DIRECTIONS: Which lines of the entries contain the string "simp"? Please find them and copy them.

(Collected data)
•••

text \<open>Having fewer than c finite coordinates means that every product of c denominators
  vanishes.\<close>
lemma zclosed_few_finite_coords:
  assumes "finite P"
  shows "zclosed P (few_finite_coords P c)"
  unfolding zclosed_iff_chart_equations
proof (intro conjI allI impI)
  show "few_finite_coords P c \<subseteq> Pd P" unfolding few_finite_coords_def by blast
  fix A assume "A \<subseteq> P"
  define F where "F = (\<lambda>D u. \<Prod>l\<in>D. chart_hom0 A l u) ` {D. D \<subseteq> P \<and> card D = c}"
  have "(\<lambda>u. \<Prod>l\<in>D. chart_hom0 A l u) \<in> poly_fun" if "D \<subseteq> P" for D
    using poly_fun_prod[OF finite_subset[OF that assms] chart_hom0_poly_fun] .
  then have "F \<subseteq> poly_fun" unfolding F_def image_subset_iff by simp
  moreover have "x \<in> few_finite_coords P c \<longleftrightarrow> (\<forall>f\<in>F. f (ccoord P A x) = 0)"
    if x: "x \<in> chart P A" for x
  proof -
    have prod_eq_0: "(\<Prod>l\<in>D. chart_hom0 A l (ccoord P A x)) = 0 \<longleftrightarrow> \<not> D \<subseteq> {l\<in>P. x l \<noteq> None}"
      if "D \<subseteq> P" for D
    proof -
      have "(\<exists>l\<in>D. x l = None) \<longleftrightarrow> \<not> D \<subseteq> {l\<in>P. x l \<noteq> None}" using that by auto
      then show ?thesis using prod_chart_hom0_eq_0_iff[OF x that finite_subset[OF that assms]] by simp
    qed
    have "x \<in> few_finite_coords P c \<longleftrightarrow> card {l\<in>P. x l \<noteq> None} < c"
      using chart_subset_Pd x unfolding few_finite_coords_def by blast
    also have "\<dots> \<longleftrightarrow> (\<forall>D\<subseteq>P. card D = c \<longrightarrow> \<not> D \<subseteq> {l\<in>P. x l \<noteq> None})"
      by (rule card_less_iff_no_subset_of_card[OF assms]) blast
    also have "\<dots> \<longleftrightarrow> (\<forall>f\<in>F. f (ccoord P A x) = 0)"
      unfolding F_def by (auto simp: prod_eq_0)
    finally show ?thesis .
  qed
  ultimately show "\<exists>F\<subseteq>poly_fun. \<forall>x\<in>chart P A.
      x \<in> few_finite_coords P c \<longleftrightarrow> (\<forall>f\<in>F. f (ccoord P A x) = 0)" by blast
qed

•••

ANSWER TO THIS TASK:
  then have "F \<subseteq> poly_fun" unfolding F_def image_subset_iff by simp
      then show ?thesis using prod_chart_hom0_eq_0_iff[OF x that finite_subset[OF that assms]] by simp
      unfolding F_def by (auto simp: prod_eq_0)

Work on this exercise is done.